**Source material**
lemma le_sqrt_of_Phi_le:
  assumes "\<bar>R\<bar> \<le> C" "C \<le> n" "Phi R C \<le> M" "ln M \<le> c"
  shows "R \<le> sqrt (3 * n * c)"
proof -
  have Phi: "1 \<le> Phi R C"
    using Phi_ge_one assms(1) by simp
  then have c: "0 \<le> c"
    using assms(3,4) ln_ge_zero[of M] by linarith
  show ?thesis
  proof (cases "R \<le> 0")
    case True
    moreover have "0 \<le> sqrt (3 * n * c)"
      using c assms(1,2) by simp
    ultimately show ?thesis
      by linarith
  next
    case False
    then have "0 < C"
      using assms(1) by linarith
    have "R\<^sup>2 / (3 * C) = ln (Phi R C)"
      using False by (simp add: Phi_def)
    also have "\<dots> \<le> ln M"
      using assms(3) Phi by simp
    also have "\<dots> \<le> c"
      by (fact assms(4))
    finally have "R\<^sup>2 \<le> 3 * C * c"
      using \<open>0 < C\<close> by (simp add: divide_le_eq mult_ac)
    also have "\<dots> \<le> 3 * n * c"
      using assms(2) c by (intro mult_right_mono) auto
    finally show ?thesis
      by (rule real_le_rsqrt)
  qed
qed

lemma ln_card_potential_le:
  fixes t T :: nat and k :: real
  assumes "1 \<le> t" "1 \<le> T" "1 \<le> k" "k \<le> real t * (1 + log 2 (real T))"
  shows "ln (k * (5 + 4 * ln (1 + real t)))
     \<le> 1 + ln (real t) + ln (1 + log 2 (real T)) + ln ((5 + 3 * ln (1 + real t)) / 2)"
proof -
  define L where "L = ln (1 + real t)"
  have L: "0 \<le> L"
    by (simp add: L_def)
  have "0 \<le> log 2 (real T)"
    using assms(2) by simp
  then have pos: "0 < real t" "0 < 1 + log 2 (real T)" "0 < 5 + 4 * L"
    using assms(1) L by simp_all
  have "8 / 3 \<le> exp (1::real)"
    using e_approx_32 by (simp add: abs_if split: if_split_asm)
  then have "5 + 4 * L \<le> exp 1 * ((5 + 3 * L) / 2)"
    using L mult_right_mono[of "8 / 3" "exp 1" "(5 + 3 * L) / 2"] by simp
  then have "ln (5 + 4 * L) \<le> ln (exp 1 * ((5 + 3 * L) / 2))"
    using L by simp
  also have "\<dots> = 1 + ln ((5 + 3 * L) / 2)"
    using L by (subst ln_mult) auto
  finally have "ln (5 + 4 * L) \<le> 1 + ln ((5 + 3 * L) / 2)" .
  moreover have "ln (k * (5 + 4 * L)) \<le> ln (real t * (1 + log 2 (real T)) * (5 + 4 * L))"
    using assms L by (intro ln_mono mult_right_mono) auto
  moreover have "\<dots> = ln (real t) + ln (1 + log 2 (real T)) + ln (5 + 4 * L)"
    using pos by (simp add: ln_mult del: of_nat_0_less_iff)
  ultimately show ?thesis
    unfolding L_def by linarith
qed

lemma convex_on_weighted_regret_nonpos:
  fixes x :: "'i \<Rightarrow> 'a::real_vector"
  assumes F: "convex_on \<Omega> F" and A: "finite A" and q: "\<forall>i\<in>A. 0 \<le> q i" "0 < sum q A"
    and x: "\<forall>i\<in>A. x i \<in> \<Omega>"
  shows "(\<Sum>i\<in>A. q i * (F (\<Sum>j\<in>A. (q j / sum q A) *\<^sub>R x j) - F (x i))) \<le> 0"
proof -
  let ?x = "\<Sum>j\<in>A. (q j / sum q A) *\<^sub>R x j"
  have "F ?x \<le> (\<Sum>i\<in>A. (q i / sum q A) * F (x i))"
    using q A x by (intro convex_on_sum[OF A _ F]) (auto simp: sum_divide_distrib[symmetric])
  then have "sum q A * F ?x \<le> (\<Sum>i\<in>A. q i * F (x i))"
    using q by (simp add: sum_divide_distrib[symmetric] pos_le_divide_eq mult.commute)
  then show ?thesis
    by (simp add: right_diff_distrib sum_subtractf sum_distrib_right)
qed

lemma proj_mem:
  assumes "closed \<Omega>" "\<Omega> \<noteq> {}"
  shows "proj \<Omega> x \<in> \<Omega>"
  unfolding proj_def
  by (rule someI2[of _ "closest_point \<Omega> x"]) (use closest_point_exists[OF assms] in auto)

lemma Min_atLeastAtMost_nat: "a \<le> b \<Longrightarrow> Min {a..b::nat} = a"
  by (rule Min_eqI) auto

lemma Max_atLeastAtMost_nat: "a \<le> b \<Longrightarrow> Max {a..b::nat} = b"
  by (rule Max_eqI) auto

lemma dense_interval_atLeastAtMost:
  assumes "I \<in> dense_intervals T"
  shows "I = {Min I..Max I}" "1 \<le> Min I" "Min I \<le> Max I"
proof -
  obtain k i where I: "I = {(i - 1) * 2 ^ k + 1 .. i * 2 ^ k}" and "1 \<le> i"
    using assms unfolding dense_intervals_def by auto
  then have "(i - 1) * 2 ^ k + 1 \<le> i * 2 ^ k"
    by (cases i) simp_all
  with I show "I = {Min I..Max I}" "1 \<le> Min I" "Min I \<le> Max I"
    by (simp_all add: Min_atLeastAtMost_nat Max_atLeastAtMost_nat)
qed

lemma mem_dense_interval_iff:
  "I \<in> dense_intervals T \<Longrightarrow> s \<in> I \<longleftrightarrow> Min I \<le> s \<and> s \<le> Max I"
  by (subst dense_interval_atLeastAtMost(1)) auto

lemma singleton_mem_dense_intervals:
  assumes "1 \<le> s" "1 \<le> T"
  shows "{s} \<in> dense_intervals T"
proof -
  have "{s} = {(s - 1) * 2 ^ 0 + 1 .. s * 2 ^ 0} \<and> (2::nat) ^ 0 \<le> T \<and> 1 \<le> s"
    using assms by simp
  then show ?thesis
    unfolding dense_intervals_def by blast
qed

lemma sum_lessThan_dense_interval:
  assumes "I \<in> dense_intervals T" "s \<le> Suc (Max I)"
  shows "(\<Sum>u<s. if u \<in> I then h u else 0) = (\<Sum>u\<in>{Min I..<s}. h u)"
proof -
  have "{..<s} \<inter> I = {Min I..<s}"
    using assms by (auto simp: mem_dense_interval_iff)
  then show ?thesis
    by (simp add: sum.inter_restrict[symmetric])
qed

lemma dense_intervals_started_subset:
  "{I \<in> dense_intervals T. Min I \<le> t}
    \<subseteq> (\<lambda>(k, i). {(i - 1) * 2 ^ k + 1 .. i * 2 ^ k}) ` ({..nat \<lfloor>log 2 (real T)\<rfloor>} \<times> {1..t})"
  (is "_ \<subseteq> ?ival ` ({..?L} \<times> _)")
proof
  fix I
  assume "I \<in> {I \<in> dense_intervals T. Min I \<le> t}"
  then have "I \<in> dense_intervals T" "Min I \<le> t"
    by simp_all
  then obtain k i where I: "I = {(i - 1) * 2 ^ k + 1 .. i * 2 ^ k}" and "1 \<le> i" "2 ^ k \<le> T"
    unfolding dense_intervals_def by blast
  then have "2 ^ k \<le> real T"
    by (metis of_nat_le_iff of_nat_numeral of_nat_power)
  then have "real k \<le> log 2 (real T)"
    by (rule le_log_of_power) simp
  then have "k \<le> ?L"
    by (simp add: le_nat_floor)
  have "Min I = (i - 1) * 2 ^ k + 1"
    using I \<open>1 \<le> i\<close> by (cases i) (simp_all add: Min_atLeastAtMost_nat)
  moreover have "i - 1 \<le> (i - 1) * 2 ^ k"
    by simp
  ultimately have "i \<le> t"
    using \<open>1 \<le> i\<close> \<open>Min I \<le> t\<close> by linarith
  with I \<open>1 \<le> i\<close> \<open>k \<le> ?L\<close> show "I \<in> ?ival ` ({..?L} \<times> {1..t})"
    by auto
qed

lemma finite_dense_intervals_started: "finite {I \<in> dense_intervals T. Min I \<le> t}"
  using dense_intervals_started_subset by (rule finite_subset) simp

**Problem requirements**
Provide only the count of lines in the material above that hold the word "forall".

**Response below**
2